Morgen, Samstag den 2. Juli 2005, steigt in zehn europäischen Städten ein unglaubliches Musikevent: Zwanzig Jahre nach dem Sir Bob Geldof, Kopf der Boom Town Rats, sich mit Live Aid unsterblich machte, griff er auf die alte Idee zurück um erneut auf das Elend der Dritte-Welt-Staaten aufmerksam zu machen. War es damals, im Dezember 1984, ein drohendes Hungerdesaster in Afrika, das Geldof mit Hilfe vieler internationaler Musikkollegen mildern wollte (Damals entstand auch „Do They Know It’s Christmas“.), möchten Geldof und angesagte Musiker aus aller Welt diesmal erreichen, dass den industriell unterwickelten Staaten die Schulden erlassen werden. Wie schon so oft versprochen, wie noch nie gehalten.

Gelegenheit für mich, auf das große Spektakel 1985 zurückzublicken, dass ich als blutjunge Frau, erst kurz zuvor mit der Matura ausgezeichnet, miterleben durfte.
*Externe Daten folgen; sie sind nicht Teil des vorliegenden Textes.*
lemma omega_power_in_F_iff: "\<omega> ^ k \<in> F \<longleftrightarrow> 3 dvd k"
proof -
  have "(\<omega> ^ k) ^ q = (\<omega> ^ q) ^ k"
    by (simp flip: power_mult add: mult.commute)
  also have "\<dots> = \<omega> ^ k * \<omega> ^ k"
    by (simp add: omega_power_q power2_eq_square power_mult_distrib)
  finally have "\<omega> ^ k \<in> F \<longleftrightarrow> \<omega> ^ k = 1"
    using omega_neq_0 by (simp add: F_iff)
  then show ?thesis by (simp add: omega_power_eq_1_iff)
qed

lemma omega_notin_F: "\<omega> \<notin> F"
  using omega_power_in_F_iff[of 1] by simp

lemma frobenius_omega_basis:
  assumes "a \<in> F" "b \<in> F"
  shows "(a + b * \<omega>) ^ q = a + b * \<omega>\<^sup>2"
  using assms by (simp add: frobenius_add power_mult_distrib omega_power_q F_iff)

lemma bij_betw_F_coordinate_change:
  "bij_betw (\<lambda>(a, b). (a + b, 2 * b - a)) (F \<times> F) (F \<times> F)"
proof -
  have "inj_on (\<lambda>(a, b). (a + b, 2 * b - a)) (F \<times> F)"
  proof (rule inj_onI, clarify)
    fix a b a' b' :: 'a
    assume eq: "a + b = a' + b'" "2 * b - a = 2 * b' - a'"
    have "3 * b = (a + b) + (2 * b - a)"
      by (simp add: algebra_simps)
    also have "\<dots> = (a' + b') + (2 * b' - a')"
      by (simp only: eq)
    also have "\<dots> = 3 * b'"
      by (simp add: algebra_simps)
    finally have "b = b'"
      using three_neq_0 by simp
    with eq show "a = a' \<and> b = b'" by simp
  qed
  moreover have "(\<lambda>(a, b). (a + b, 2 * b - a)) ` (F \<times> F) \<subseteq> F \<times> F"
    by (auto intro!: F_closed)
  ultimately show ?thesis
    by (simp add: bij_betw_def endo_inj_surj)
qed

lemma omega_quotient_in_F_iff:
  assumes "s \<in> F" "s \<noteq> 0"
  shows "s * \<omega> ^ e * (\<omega>\<^sup>2) ^ n / (- \<omega>\<^sup>2) ^ m \<in> F \<longleftrightarrow> 3 dvd (e + 2 * n + m)"
proof -
  have "(- \<omega>\<^sup>2) * (- \<omega>) = 1"
    using omega_cube by (simp add: power2_eq_square power3_eq_cube mult_ac)
  then have "(- \<omega>) ^ m * (- \<omega>\<^sup>2) ^ m = 1"
    by (metis mult.commute power_mult_distrib power_one)
  then have "s * \<omega> ^ e * (\<omega>\<^sup>2) ^ n / (- \<omega>\<^sup>2) ^ m = s * \<omega> ^ e * (\<omega>\<^sup>2) ^ n * (- \<omega>) ^ m"
    using omega_neq_0 by (simp add: divide_eq_eq mult.assoc)
  also have "\<dots> = (s * (- 1) ^ m) * (\<omega> ^ e * (\<omega>\<^sup>2) ^ n * \<omega> ^ m)"
    by (simp only: power_minus[of \<omega>] mult_ac)
  also have "\<omega> ^ e * (\<omega>\<^sup>2) ^ n * \<omega> ^ m = \<omega> ^ (e + 2 * n + m)"
    by (simp only: power_add power_mult)
  finally show ?thesis
    using assms by (simp add: F_mult_left_iff F_closed omega_power_in_F_iff)
qed

lemma omega_binomial_basis:
  assumes "a \<in> F" "b \<in> F" and x: "x = a + b * \<omega>"
  shows "(x + \<omega> * x ^ q) ^ m + c * (\<omega> * x + x ^ q) ^ n =
         (- \<omega>\<^sup>2) ^ m * (a + b) ^ m + c * (\<omega>\<^sup>2) ^ n * (2 * b - a) ^ n"
proof -
  have xq: "x ^ q = a + b * \<omega>\<^sup>2"
    using assms by (simp add: frobenius_omega_basis)
  have one_plus: "1 + \<omega> = - \<omega>\<^sup>2"
    using omega_quadratic by (simp add: eq_neg_iff_add_eq_0 algebra_simps)
  have "x + \<omega> * x ^ q = (a + b) * (1 + \<omega>) + b * (\<omega> ^ 3 - 1)"
    unfolding xq unfolding x by (simp add: algebra_simps power2_eq_square power3_eq_cube)
  then have 1: "x + \<omega> * x ^ q = - \<omega>\<^sup>2 * (a + b)"
    using one_plus omega_cube by (simp add: algebra_simps)
  have "\<omega> * x + x ^ q = a * (1 + \<omega>) + 2 * b * \<omega>\<^sup>2"
    unfolding xq unfolding x by (simp add: algebra_simps power2_eq_square)
  then have 2: "\<omega> * x + x ^ q = \<omega>\<^sup>2 * (2 * b - a)"
    using one_plus by (simp add: algebra_simps)
  show ?thesis
    unfolding 1 2 by (simp only: power_mult_distrib mult_ac)
qed

lemma bij_omega_binomial_iff:
  assumes "s \<in> F" "s \<noteq> 0" "m > 0" "n > 0"
  shows "bij (\<lambda>x. (x + \<omega> * x ^ q) ^ m + s * \<omega> ^ e * (\<omega> * x + x ^ q) ^ n) \<longleftrightarrow>
         coprime (m * n) (q - 1) \<and> \<not> (3::int) dvd (int e + int m - int n)"
    (is "bij ?f \<longleftrightarrow> _")
proof -
  define A where "A = (- \<omega>\<^sup>2) ^ m"
  define B where "B = s * \<omega> ^ e * (\<omega>\<^sup>2) ^ n"
  let ?basis = "\<lambda>(a, b). a + b * \<omega>"
  let ?coord = "\<lambda>(a, b). (a + b, 2 * b - a)"
  let ?G = "\<lambda>(u, v). A * u ^ m + B * v ^ n"
  have "inj ?f \<longleftrightarrow> inj_on (?f \<circ> ?basis) (F \<times> F)"
    by (rule inj_on_comp_bij_betw_iff[OF bij_betw_F_basis[OF omega_notin_F], symmetric])
  also have "\<dots> \<longleftrightarrow> inj_on (?G \<circ> ?coord) (F \<times> F)"
    by (rule inj_on_cong) (auto simp: A_def B_def omega_binomial_basis[OF _ _ refl])
  also have "\<dots> \<longleftrightarrow> inj_on ?G (F \<times> F)"
    by (rule inj_on_comp_bij_betw_iff[OF bij_betw_F_coordinate_change])
  also have "\<dots> \<longleftrightarrow> coprime m (q - 1) \<and> coprime n (q - 1) \<and> B / A \<notin> F"
    using assms omega_neq_0 by (intro inj_on_power_sum_F_iff) (simp_all add: A_def B_def)
  finally have "inj ?f \<longleftrightarrow> coprime m (q - 1) \<and> coprime n (q - 1) \<and> B / A \<notin> F" .
  moreover have "B / A \<in> F \<longleftrightarrow> (3::int) dvd (int e + int m - int n)"
    unfolding A_def B_def omega_quotient_in_F_iff[OF assms(1,2)] by presburger
  moreover have "bij ?f \<longleftrightarrow> inj ?f"
    unfolding bij_def using finite_UNIV_inj_surj[OF finite_UNIV, of ?f] by blast
  ultimately show ?thesis
    by (simp only: coprime_mult_left_iff conj_assoc)
qed

end

theorem proposition3p6:
  fixes q m n :: nat and \<omega> \<epsilon> :: "'a::{field,finite}" and f :: "'a \<Rightarrow> 'a"
  assumes q_pp: "\<exists>p k. prime p \<and> k > 0 \<and> q = p ^ k"
    and q_mod: "q mod 3 = 2"
    and card: "card (UNIV :: 'a set) = q ^ 2"
    and m_pos: "m > 0" and n_pos: "n > 0"
    and \<omega>_ord: "\<omega> ^ 3 = 1" "\<omega> \<noteq> 1"
    and \<epsilon>_in: "\<epsilon> \<in> subfield_q_star q \<union> {\<omega>, -\<omega>, \<omega>^2, -(\<omega>^2)}"
    and f_def: "f = (\<lambda>x. (x + \<omega> * x ^ q) ^ m + \<epsilon> * (\<omega> * x + x ^ q) ^ n)"
  shows "(\<epsilon> \<in> subfield_q_star q \<longrightarrow>
            (permutes_field f \<longleftrightarrow> gcd (m * n) (q - 1) = 1 \<and> \<not> (3::int) dvd (int m - int n)))
       \<and> (\<epsilon> \<in> {\<omega>, -\<omega>} \<longrightarrow>
            (permutes_field f \<longleftrightarrow> gcd (m * n) (q - 1) = 1 \<and> \<not> (3::int) dvd (1 + int m - int n)))
       \<and> (\<epsilon> \<in> {\<omega>^2, -(\<omega>^2)} \<longrightarrow>
            (permutes_field f \<longleftrightarrow> gcd (m * n) (q - 1) = 1 \<and> \<not> (3::int) dvd (2 + int m - int n)))"
proof -
  obtain p k where "prime p" "q = p ^ k"
    using q_pp by blast
  then interpret primitive_cube_root q "{x. x ^ q = x}" \<omega>
    using card q_mod \<omega>_ord
    by (intro primitive_cube_root.intro quadratic_frobenius_prime_power primitive_cube_root_axioms.intro)
  have key: "permutes_field f \<longleftrightarrow> gcd (m * n) (q - 1) = 1 \<and> \<not> (3::int) dvd (int e + int m - int n)"
    if "s ^ q = s" "s \<noteq> 0" "\<epsilon> = s * \<omega> ^ e" for s e
    using bij_omega_binomial_iff[of s m n e] that m_pos n_pos
    by (simp add: f_def permutes_field_def coprime_iff_gcd_eq_1)
  have "(-1 :: 'a) ^ q = -1"
    using frobenius_uminus[of 1] by simp
  then show ?thesis
    using key[of \<epsilon> 0] key[of 1 1] key[of "-1" 1] key[of 1 2] key[of "-1" 2] \<epsilon>_in
    by (auto simp: subfield_q_star_def)
qed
Eine Zeit auch, in der ich selber noch an große Ideale und echte Hilfsbereitschaft glaubte. Aber kehren wir vorerst zurück in den Dezember 1984, als ich noch mit ziemlicher Sorge im Herzen der Reifeprüfung entgegenblickte. Samstagmorgen 8:00 Uhr und wir Schüler der 8na plagten uns im Sprachlabor ab: auf dem damaligen Blue Danube Radio liefen die Nachrichten in Englisch und wiesen auf die drohende humanitäre Katastrophe in Afrika hin. Was mich damals weniger beschäftigte als den Text überhaupt zu begreifen. Aber um ehrlich zu sein, als wir diesen kurzen News Flash durcharbeiteten und mir bewusst wurde, was sich dort abspielte und was einige britische Musiker damals zum Rollen bringen wollten, bekam ich eine Gänsehaut.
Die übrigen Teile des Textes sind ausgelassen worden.